The first is from Decatur, Georgia, displaying a Mayberry-style approach to policing, where officers are your friends.
"We're a very empathetic police department," says Decatur Police Chief Mike Booker. "We try our very hardest to put ourselves in other people's shoes, and it tends to make you look at things from all sides if you do that." Gee, I thought you were supposed to prevent and solve crimes. "Everyone acknowledges you," says one Decatur officer who believes officers are now more likeable.
It’s like they want to be firefighters or something.
Meantime, being liked is apparently the last thing they’re looking for at the Newport Beach Police Department in sunny, wealthy Orange County, California.
Newport may be across the country from Decatur, but its recruiting video is from another planet. "Do you have what it takes?" says the graphic on screen as we follow recruits going through the academy, plus there’s lots of guns being fired, bad guys being taken down, all to a driving beat and cool editing. In other words, if you plan to come to Newport Beach to go shopping at Fashion Island, don't shoplift or we'll crack your head open.

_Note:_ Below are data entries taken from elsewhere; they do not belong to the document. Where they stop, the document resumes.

lemma snoc_mem_addresses_iff:
  assumes "pre \<in> addresses T" "subtree T pre = Node ts"
  shows "pre @ [c] \<in> addresses T \<longleftrightarrow> 1 \<le> c \<and> c \<le> length ts"
  using assms
proof (induction pre arbitrary: T)
  case (Cons c' pre)
  then show ?case by (cases T) (simp add: Cons_mem_addresses_iff)
qed (simp add: Cons_mem_addresses_iff)

lemma subtree_snoc:
  assumes "pre \<in> addresses T" "subtree T pre = Node ts"
  shows "subtree T (pre @ [c]) = ts ! (length ts - c)"
  using assms
proof (induction pre arbitrary: T)
  case (Cons c' pre)
  then show ?case by (cases T) (simp add: Cons_mem_addresses_iff)
qed simp

lemma addresses_digits:
  assumes "a \<in> addresses T" "c \<in> set a"
  shows "1 \<le> c \<and> c \<le> maxch T"
  using assms
proof (induction a arbitrary: T)
  case (Cons c' a)
  obtain ts where T: "T = Node ts" by (cases T)
  let ?t = "ts ! (length ts - c')"
  have c': "1 \<le> c'" "c' \<le> length ts" "a \<in> addresses ?t"
    using Cons.prems(1) by (auto simp: T Cons_mem_addresses_iff)
  then have "maxch ?t \<le> maxch T" "length ts \<le> maxch T"
    by (auto simp: T intro!: Max_ge)
  then show ?case using Cons c' by force
qed simp

lemma length_addrs:
  "length (addrs t) = nnodes t"
  "length (addrs_list k ts) = sum_list (map (\<lambda>t. 1 + nnodes t) ts)"
  by (induction t and k ts rule: addrs_addrs_list.induct) auto

lemma distinct_addrs: "distinct (addrs t)" "length ts \<le> k \<Longrightarrow> distinct (addrs_list k ts)"
proof (induction t and k ts rule: addrs_addrs_list.induct)
  case (3 k t ts)
  have "hd a \<le> k - 1" if "a \<in> set (addrs_list (k - 1) ts)" for a
    using that by (auto simp: set_addrs_list)
  then have "a \<notin> set ([k] # map ((#) k) (addrs t))" if "a \<in> set (addrs_list (k - 1) ts)" for a
    using that 3(3) by fastforce
  then show ?case using 3 Nil_notin_addrs[of t] by (auto simp: distinct_map)
qed auto

section \<open>Coordinates\<close>

definition nat_of_digits :: "nat \<Rightarrow> nat list \<Rightarrow> nat" where
  "nat_of_digits B a = foldl (\<lambda>x c. B * x + c) 0 a"

definition coord :: "nat \<Rightarrow> nat list \<Rightarrow> real" where
  "coord B a = real (length a) + real (nat_of_digits B a) / real B ^ length a"

lemma nat_of_digits_Nil [simp]: "nat_of_digits B [] = 0"
  by (simp add: nat_of_digits_def)

lemma nat_of_digits_snoc [simp]: "nat_of_digits B (a @ [c]) = B * nat_of_digits B a + c"
  by (simp add: nat_of_digits_def)

lemma coords_eq_map_coord:
  "\<forall>pre. d = length pre \<longrightarrow> \<sigma> = real (nat_of_digits (m + 2) pre) / (real m + 2) ^ d \<longrightarrow>
     coords m d \<sigma> t = map (\<lambda>a. coord (m + 2) (pre @ a)) (addrs t)"
  "\<forall>pre. d = length pre \<longrightarrow> \<sigma> = real (nat_of_digits (m + 2) pre) / (real m + 2) ^ d \<longrightarrow>
     coordsL m d \<sigma> k ts = map (\<lambda>a. coord (m + 2) (pre @ a)) (addrs_list k ts)"
proof (induction m d \<sigma> t and m d \<sigma> k ts rule: coords_coordsL.induct)
  case (3 m d \<sigma> k t ts)
  show ?case
  proof (intro allI impI)
    fix pre assume d: "d = length pre"
      and \<sigma>: "\<sigma> = real (nat_of_digits (m + 2) pre) / (real m + 2) ^ d"
    define \<sigma>' where "\<sigma>' = \<sigma> + real k / (real m + 2) ^ Suc d"
    have frac: "N / q + K / (B * q) = (B * N + K) / (B * q)" if "B > 0" "q > 0" for N q K B :: real
      using that by (simp add: field_simps)
    have \<sigma>': "\<sigma>' = real (nat_of_digits (m + 2) (pre @ [k])) / (real m + 2) ^ Suc d"
      unfolding \<sigma>'_def \<sigma> power_Suc by (subst frac) (auto simp: algebra_simps)
    have "real (Suc d) + \<sigma>' = coord (m + 2) (pre @ [k])"
      by (simp add: \<sigma>' coord_def d algebra_simps)
    moreover have "coords m (Suc d) \<sigma>' t = map (\<lambda>a. coord (m + 2) ((pre @ [k]) @ a)) (addrs t)"
      by (rule 3(1)[OF \<sigma>'_def, rule_format]) (simp_all add: \<sigma>' d)
    moreover have "coordsL m d \<sigma> (k - 1) ts = map (\<lambda>a. coord (m + 2) (pre @ a)) (addrs_list (k - 1) ts)"
      using 3(2) \<sigma> d by blast
    ultimately show "coordsL m d \<sigma> k (t # ts) = map (\<lambda>a. coord (m + 2) (pre @ a)) (addrs_list k (t # ts))"
      unfolding coordsL.simps Let_def \<sigma>'_def[symmetric] by (simp add: comp_def)
  qed
qed simp_all

lemma Xi_set_eq: "Xi_set T = coord (maxch T + 2) ` set (addrs T)"
  using coords_eq_map_coord(1)[of 0 0 "maxch T" T] by (simp add: Xi_set_def)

Georgia may be the land of peaches, but California is Afghanistan.
Which approach is better? Which image would you rather portray as a police force — friendly or bad-a**? "I wonder if the differences in attitude here reflect real differences in the quality of police service," asks Mark Frauenfelder on BoingBoing.
I decided to look at the FBI crime statistics.

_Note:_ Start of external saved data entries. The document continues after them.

(* Let $\sigma\in S_K$ be a permutation pattern whose length is at most one less than the length of the longest element of $S_K$, i.e. $\operatorname{len}(\sigma)\ge\binom{K}{2}-1$. Then $\sigma$ admits a bountiful width system.
   Context: $\operatorname{len}(\sigma)$ is the Coxeter length (number of inversions) of $\sigma$; the longest element of $S_K$ has length $\binom K2$. For $x=[x_1,\dots,x_N]\in S_N$ and $\tau\in S_k$, an instance of $\tau$ in $x$ is a tuple of positions $P=(P_1<\dots<P_k)$ with $(x_{P_1},\dots,x_{P_k})$ in the same relative order as $\tau$. A width system for $\tau$ is a finite sequence of pairs $(a_1,b_1),\dots,(a_m,b_m)$ with $1\le a_l<b_l\le k$, assigning to each instance $P$ the tuple $w(P)=(P_{b_1}-P_{a_1},\dots,P_{b_m}-P_{a_m})$. An instance is minimal in $x$ if $w(P)$ is lexicographically minimal among all instances of $\tau$ in $x$, and locally minimal if it is a minimal instance of $\tau$ in the consecutive segment $[x_{P_1},x_{P_1+1},\dots,x_{P_k}]$. The width system is bountiful if for every $x\in S_N$ (any $N$), every locally minimal instance $P$ and every position $t$ with $P_1<t<P_k$, $t\notin\{P_1,\dots,P_k\}$, either $x_t<x_{P_j}$ for all $j$ with $P_j<t$, or $x_t>x_{P_j}$ for all $j$ with $P_j>t$. $\tau$ admits a bountiful width system if some width system for $\tau$ is bountiful. *)

theory Defs
  imports Main
begin

text \<open>Permutations are lists of values; positions are 0-indexed (only differences of
positions and their relative order matter, so this is harmless).\<close>

definition is_perm :: "nat \<Rightarrow> nat list \<Rightarrow> bool" where
  "is_perm N x \<longleftrightarrow> length x = N \<and> distinct x \<and> set x = {1..N}"

definition perm_len :: "nat list \<Rightarrow> nat" where
  "perm_len s = card {(i, j). i < j \<and> j < length s \<and> s ! i > s ! j}"

definition is_instance :: "nat list \<Rightarrow> nat list \<Rightarrow> nat list \<Rightarrow> bool" where
  "is_instance tau x P \<longleftrightarrow>
     length P = length tau \<and> sorted_wrt (<) P \<and> (\<forall>p\<in>set P. p < length x) \<and>
     (\<forall>i<length tau. \<forall>j<length tau. (x ! (P ! i) < x ! (P ! j)) \<longleftrightarrow> (tau ! i < tau ! j))"

definition is_width_system :: "nat list \<Rightarrow> (nat \<times> nat) list \<Rightarrow> bool" where
  "is_width_system tau ws \<longleftrightarrow> (\<forall>(a, b)\<in>set ws. a < b \<and> b < length tau)"

definition width :: "(nat \<times> nat) list \<Rightarrow> nat list \<Rightarrow> nat list" where
  "width ws P = map (\<lambda>(a, b). P ! b - P ! a) ws"

definition is_minimal :: "nat list \<Rightarrow> (nat \<times> nat) list \<Rightarrow> nat list \<Rightarrow> nat list \<Rightarrow> bool" where
  "is_minimal tau ws x P \<longleftrightarrow> is_instance tau x P \<and>
     (\<forall>Q. is_instance tau x Q \<longrightarrow> (width ws Q, width ws P) \<notin> lexord {(a, b). a < b})"

definition segment :: "nat list \<Rightarrow> nat list \<Rightarrow> nat list" where
  "segment x P = drop (hd P) (take (last P + 1) x)"

definition is_locally_minimal :: "nat list \<Rightarrow> (nat \<times> nat) list \<Rightarrow> nat list \<Rightarrow> nat list \<Rightarrow> bool" where
  "is_locally_minimal tau ws x P \<longleftrightarrow> is_instance tau x P \<and>
     (P = [] \<or> is_minimal tau ws (segment x P) (map (\<lambda>p. p - hd P) P))"

definition bountiful :: "nat list \<Rightarrow> (nat \<times> nat) list \<Rightarrow> bool" where
  "bountiful tau ws \<longleftrightarrow>
     (\<forall>N x P t. is_perm N x \<longrightarrow> is_locally_minimal tau ws x P \<longrightarrow>
        (\<exists>i<length P. P ! i < t) \<longrightarrow> (\<exists>j<length P. t < P ! j) \<longrightarrow> t \<notin> set P \<longrightarrow>
        (\<forall>j<length P. P ! j < t \<longrightarrow> x ! t < x ! (P ! j)) \<or>
        (\<forall>j<length P. t < P ! j \<longrightarrow> x ! t > x ! (P ! j)))"

definition admits_bountiful :: "nat list \<Rightarrow> bool" where
  "admits_bountiful tau \<longleftrightarrow> (\<exists>ws. is_width_system tau ws \<and> bountiful tau ws)"

end

theory Submission
  imports Defs
begin

text \<open>Every pair of positions of \<open>\<sigma>\<in>S\<^sub>K\<close> is either an inversion or an ascent
(a non-inversion), so \<open>len \<sigma> \<ge> K choose 2 - 1\<close> leaves at most one ascent. A position \<open>t\<close>
violating bountifulness for an instance \<open>P\<close> always lies, both in position and in value,
strictly between \<open>P j\<close> and \<open>P l\<close> for some ascent \<open>(j, l)\<close> of \<open>\<sigma>\<close>. With no ascent at all the
empty width system is therefore bountiful. With a single ascent \<open>(a, b)\<close> we get \<open>b = a + 1\<close>,
and every other entry of \<open>P\<close> is above \<open>P (a + 1)\<close> or below \<open>P a\<close> in value; so replacing
\<open>P (a + 1)\<close> by \<open>t\<close> yields an instance in the same segment whose width \<open>t - P a\<close> is smaller,
contradicting local minimality for the width system \<open>[(a, a + 1)]\<close>.\<close>

definition ascents :: "nat list \<Rightarrow> (nat \<times> nat) set" where
  "ascents s = {(i, j). i < j \<and> j < length s \<and> s ! i < s ! j}"

lemma card_pairs_less: "card {(i, j). i < j \<and> j < (n::nat)} = n choose 2"
proof (induction n)
  case 0
  show ?case by simp
next
  case (Suc n)
  have split: "{(i, j). i < j \<and> j < Suc n} = {(i, j). i < j \<and> j < n} \<union> (\<lambda>i. (i, n)) ` {..<n}"
    by auto
  have "finite {(i, j). i < j \<and> j < (n::nat)}"
    by (rule finite_subset[of _ "{..<n} \<times> {..<n}"]) auto
  moreover have "card ((\<lambda>i. (i, n)) ` {..<n}) = n"
    by (simp add: card_image inj_on_def)
  ultimately have "card {(i, j). i < j \<and> j < Suc n} = (n choose 2) + n"
    unfolding split using Suc.IH by (subst card_Un_disjoint) auto
  also have "\<dots> = Suc n choose 2"
    by (simp add: numeral_2_eq_2)
  finally show ?case .
qed

lemma card_ascents_add_perm_len:
  assumes "distinct s"
  shows "card (ascents s) + perm_len s = length s choose 2"
proof -
  define inv where "inv = {(i, j). i < j \<and> j < length s \<and> s ! j < s ! i}"
  have "s ! i \<noteq> s ! j" if "i < j" "j < length s" for i j
    using assms that by (simp add: nth_eq_iff_index_eq)
  then have "{(i, j). i < j \<and> j < length s} = ascents s \<union> inv"
    by (auto simp: ascents_def inv_def neq_iff)
  moreover have "finite {(i, j). i < j \<and> j < length s}"
    by (rule finite_subset[of _ "{..<length s} \<times> {..<length s}"]) auto
  moreover have "ascents s \<inter> inv = {}"
    by (auto simp: ascents_def inv_def)
  ultimately have "length s choose 2 = card (ascents s) + card inv"
    by (metis card_pairs_less card_Un_disjoint finite_Un)
  then show ?thesis
    by (simp add: perm_len_def inv_def)
qed

lemma ascents_unique_if_perm_len_ge:
  assumes "distinct s" and "int (perm_len s) \<ge> int (length s choose 2) - 1"
    and "p \<in> ascents s" and "q \<in> ascents s"
  shows "p = q"
proof -
  have "int (card (ascents s)) + int (perm_len s) = int (length s choose 2)"
    using card_ascents_add_perm_len[OF assms(1)] by (metis of_nat_add)
  then have "card (ascents s) \<le> Suc 0"
    using assms(2) by linarith
  moreover have "finite (ascents s)"
    by (rule finite_subset[of _ "{..<length s} \<times> {..<length s}"]) (auto simp: ascents_def)
  ultimately show ?thesis
    using assms(3,4) card_le_Suc0_iff_eq by blast
qed

lemma ascent_adjacent:
  assumes "distinct s" and "ascents s = {(a, b)}"
  shows "b = Suc a"
proof (rule ccontr)
  assume "b \<noteq> Suc a"
  moreover have ab: "a < b" "b < length s" "s ! a < s ! b"
    using assms(2) by (auto simp: ascents_def)
  ultimately have mid: "Suc a < b"
    by simp
  then have "(a, Suc a) \<notin> ascents s" "(Suc a, b) \<notin> ascents s"
    using assms(2) by auto
  then have "\<not> s ! a < s ! Suc a" and "\<not> s ! Suc a < s ! b"
    using mid ab(2) by (auto simp: ascents_def)
  moreover have "s ! a \<noteq> s ! Suc a" and "s ! Suc a \<noteq> s ! b"
    using assms(1) mid ab(2) by (auto simp: nth_eq_iff_index_eq)
  ultimately show False
    using ab(3) by auto
qed

lemma unseparated_position_ascent:
  assumes "distinct x" and "is_instance tau x P" and "t \<notin> set P"
    and "j < length P" "P ! j < t" "\<not> x ! t < x ! (P ! j)"
    and "l < length P" "t < P ! l" "\<not> x ! (P ! l) < x ! t"
  shows "(j, l) \<in> ascents tau \<and> x ! (P ! j) < x ! t \<and> x ! t < x ! (P ! l)"
proof -
  have sorted: "sorted_wrt (<) P" and len: "length P = length tau"
    and bound: "\<forall>p\<in>set P. p < length x"
    and order: "\<forall>i<length tau. \<forall>j<length tau. x ! (P ! i) < x ! (P ! j) \<longleftrightarrow> tau ! i < tau ! j"
    using assms(2) by (auto simp: is_instance_def)
  have "\<not> l < j" "l \<noteq> j"
    using sorted_wrt_nth_less[OF sorted, of l j] assms(4,5,8) by auto
  then have "j < l"
    by simp
  have "P ! j \<noteq> t" "P ! l \<noteq> t"
    using assms(3,4,7) by auto
  moreover have "P ! j < length x" and Pl: "P ! l < length x"
    using bound assms(4,7) by auto
  moreover have "t < length x"
    using assms(8) Pl by linarith
  ultimately have "x ! t \<noteq> x ! (P ! j)" "x ! t \<noteq> x ! (P ! l)"
    using assms(1) by (auto simp: nth_eq_iff_index_eq)
  then have between: "x ! (P ! j) < x ! t" "x ! t < x ! (P ! l)"
    using assms(6,9) by auto
  then have "x ! (P ! j) < x ! (P ! l)"
    by simp
  then have "tau ! j < tau ! l"
    using order assms(4,7) len by auto
  then show ?thesis
    using \<open>j < l\<close> assms(7) len between by (simp add: ascents_def)
qed

lemma is_instance_list_update:
  assumes "is_instance tau x P" and "i < length P" and "t < length x"
    and "\<And>k. k < i \<Longrightarrow> P ! k < t" and "\<And>k. i < k \<Longrightarrow> k < length P \<Longrightarrow> t < P ! k"
    and "\<And>k. k < length P \<Longrightarrow> k \<noteq> i \<Longrightarrow>
           (x ! t < x ! (P ! k) \<longleftrightarrow> x ! (P ! i) < x ! (P ! k)) \<and>
           (x ! (P ! k) < x ! t \<longleftrightarrow> x ! (P ! k) < x ! (P ! i))"
  shows "is_instance tau x (P[i := t])"
proof -
  have sorted: "sorted_wrt (<) P" and len: "length P = length tau"
    and bound: "\<forall>p\<in>set P. p < length x"
    and order: "\<forall>j<length tau. \<forall>k<length tau. x ! (P ! j) < x ! (P ! k) \<longleftrightarrow> tau ! j < tau ! k"
    using assms(1) by (auto simp: is_instance_def)
  have "P[i := t] ! j < P[i := t] ! k" if "j < k" "k < length P" for j k
    using that sorted_wrt_nth_less[OF sorted, of j k] assms(2,4,5)
    by (cases "j = i"; cases "k = i") auto
  then have "sorted_wrt (<) (P[i := t])"
    by (simp add: sorted_wrt_iff_nth_less)
  moreover have "\<forall>p\<in>set (P[i := t]). p < length x"
    using bound assms(3) set_update_subset_insert by fastforce
  moreover have "x ! (P[i := t] ! j) < x ! (P[i := t] ! k) \<longleftrightarrow> tau ! j < tau ! k"
    if "j < length tau" "k < length tau" for j k
  proof -
    have "x ! (P[i := t] ! j) < x ! (P[i := t] ! k) \<longleftrightarrow> x ! (P ! j) < x ! (P ! k)"
      using that assms(2) assms(6)[of j] assms(6)[of k] len by (cases "j = i"; cases "k = i") auto
    then show ?thesis
      using order that by auto
  qed
  ultimately show ?thesis
    using len by (simp add: is_instance_def)
qed

lemma width_map_minus:
  assumes "is_width_system tau ws" and "length P = length tau" and "\<forall>p\<in>set P. h \<le> p"
  shows "width ws (map (\<lambda>p. p - h) P) = width ws P"
  using assms by (auto simp: width_def is_width_system_def)

lemma is_instance_segment:
  assumes "is_instance tau x Q" and "\<forall>q\<in>set Q. h \<le> q \<and> q \<le> L" and "L < length x"
  shows "is_instance tau (drop h (take (Suc L) x)) (map (\<lambda>q. q - h) Q)"
proof -
  have nth: "drop h (take (Suc L) x) ! (q - h) = x ! q" if "q \<in> set Q" for q
    using assms(2,3) that by auto
  have bound: "q - h < length (drop h (take (Suc L) x))" if "q \<in> set Q" for q
    using assms(2,3) that by fastforce
  have "sorted_wrt (<) Q"
    using assms(1) by (simp add: is_instance_def)
  then have sorted: "sorted_wrt (\<lambda>p q. p - h < q - h) Q"
    by (rule sorted_wrt_mono_rel[rotated]) (use assms(2) in fastforce)
  show ?thesis
    unfolding is_instance_def sorted_wrt_map
    using assms(1) nth bound sorted nth_mem[of _ Q] by (auto simp: is_instance_def)
qed

lemma sorted_hd_le_last:
  assumes "sorted xs" and "y \<in> set xs"
  shows "hd xs \<le> y \<and> y \<le> last xs"
proof -
  obtain i where i: "i < length xs" "y = xs ! i"
    using assms(2) by (auto simp: in_set_conv_nth)
  then have "xs ! 0 \<le> xs ! i" "xs ! i \<le> xs ! (length xs - 1)"
    using assms(1) by (auto intro: sorted_nth_mono)
  moreover have "xs \<noteq> []"
    using assms(2) by auto
  ultimately show ?thesis
    using i by (simp add: hd_conv_nth last_conv_nth)
qed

Newport Beach has about five times the population of Decatur, 85,000 compared to 19,000, but both cities had zero murders in 2011. Decatur had one rape, Newport Beach had three. They had almost the same number of robberies. The biggest difference was in larceny-thefts —1,584 cases in Newport versus 421 in Decatur — but that works out to one crime per 54 residents in Newport, one per 45 residents in Decatur. In other words, more thefts in Newport, but fewer per capita.
Bottom line, their crime rates are pretty similar, with an edge to the OC, but their recruiting messages couldn’t be more different. Why? Maybe it has something to do with each city’s "end user". Decatur, where the per capita income is $39,000, has the motto, "A city of homes, schools and places of worship". It's close to Atlanta, more diverse, with a high home ownership rate and a higher education level than Atlanta.
In Newport Beach, per capita income is $89,000, among the highest in the country. Median home prices top $1 million. Maybe when you have more to lose financially, you don't want police officers who are friendly. You’re paying top dollar for cops who scare off bad guys, crack down on truants, arrest drunks on the 4th of July. In fact, Newport Beach doesn't have a nickname. It doesn't need one. It's Newport Beach. Jaywalk here at your peril. In fact, just keep driving to San Diego, ok?